PROBLEM: From the records below, state how many lines include the word "lambda", giving only that number.

Stored items:
lemma image_mset_in_replacements:
  assumes "finite I" "S \<subseteq> I" "card S \<le> m" "m \<le> card I"
    and "\<And>i. i \<in> I - S \<Longrightarrow> g i = f i"
  shows "image_mset g (mset_set I) \<in> replacements (image_mset f (mset_set I)) m"
proof -
  have "finite S"
    using assms(1,2) finite_subset by blast
  then have "m - card S \<le> card (I - S)"
    using assms(2,4) by (simp add: card_Diff_subset)
  then obtain R where R: "R \<subseteq> I - S" "card R = m - card S"
    by (rule obtain_subset_with_card_n)
  define S' where "S' = S \<union> R"
  have finite: "finite S'" "finite (I - S')"
    unfolding S'_def using assms(1,2) R(1) finite_subset by blast+
  have "card S' = m"
    using R \<open>finite S\<close> finite(1) assms(3) unfolding S'_def
    by (subst card_Un_disjoint) auto
  have "I = (I - S') \<union> S'"
    using R(1) assms(2) unfolding S'_def by blast
  then have split: "mset_set I = mset_set (I - S') + mset_set S'"
    using mset_set_Union[OF finite(2,1)] by (metis Diff_disjoint Int_commute)
  have same: "image_mset g (mset_set (I - S')) = image_mset f (mset_set (I - S'))"
    using assms(5) finite(2) unfolding S'_def by (intro image_mset_cong) auto
  define Y where "Y = image_mset f (mset_set S')"
  define Z where "Z = image_mset g (mset_set S')"
  have X: "image_mset f (mset_set I) = image_mset f (mset_set (I - S')) + Y"
    unfolding Y_def split by simp
  then have "Y \<subseteq># image_mset f (mset_set I)"
    by simp
  moreover have "image_mset g (mset_set I) = image_mset f (mset_set I) - Y + Z"
    unfolding X unfolding Z_def split same[symmetric] by simp
  moreover have "size Y = m" "size Z = m"
    unfolding Y_def Z_def using \<open>card S' = m\<close> by simp_all
  ultimately show ?thesis
    unfolding replacements_def by blast
qed

definition shear_matrix :: "real^'n \<Rightarrow> real^'n \<Rightarrow> real^'n^'n" where
  "shear_matrix u w = mat 1 + (\<chi> i j. w $ i * u $ j)"

lemma shear_matrix_apply: "shear_matrix u w *v p = p + (u \<bullet> p) *\<^sub>R w"
proof -
  have "(\<chi> i j. w $ i * u $ j) *v p = (u \<bullet> p) *\<^sub>R w"
    by (simp add: vec_eq_iff matrix_vector_mult_def inner_vec_def sum_distrib_left algebra_simps)
  then show ?thesis
    unfolding shear_matrix_def by (simp add: matrix_vector_mult_add_rdistrib)
qed

lemma invertible_shear_matrix:
  assumes "u \<bullet> w = 0"
  shows "invertible (shear_matrix u w)"
proof -
  have "shear_matrix u (- w) ** shear_matrix u w = mat 1"
    by (simp add: matrix_eq matrix_vector_mul_assoc[symmetric] shear_matrix_apply
        inner_add_right assms)
  then show ?thesis
    unfolding invertible_left_inverse by blast
qed

lemma affine_equivariant_shear:
  assumes "affine_equivariant n T" "size Y = n" "u \<bullet> w = 0"
  shows "T (image_mset (\<lambda>p. p + (u \<bullet> p - c) *\<^sub>R w) Y) = T Y + (u \<bullet> T Y - c) *\<^sub>R w"
proof -
  have shear: "(\<lambda>p. p + (u \<bullet> p - c) *\<^sub>R w) = (\<lambda>p. shear_matrix u w *v p + (- c) *\<^sub>R w)"
    by (simp add: shear_matrix_apply algebra_simps)
  have "T (image_mset (\<lambda>p. shear_matrix u w *v p + (- c) *\<^sub>R w) Y) = shear_matrix u w *v T Y + (- c) *\<^sub>R w"
    using assms(1,2) invertible_shear_matrix[OF assms(3)] unfolding affine_equivariant_def by blast
  then show ?thesis
    unfolding shear by (simp add: shear_matrix_apply algebra_simps)
qed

ANSWER BELOW: 3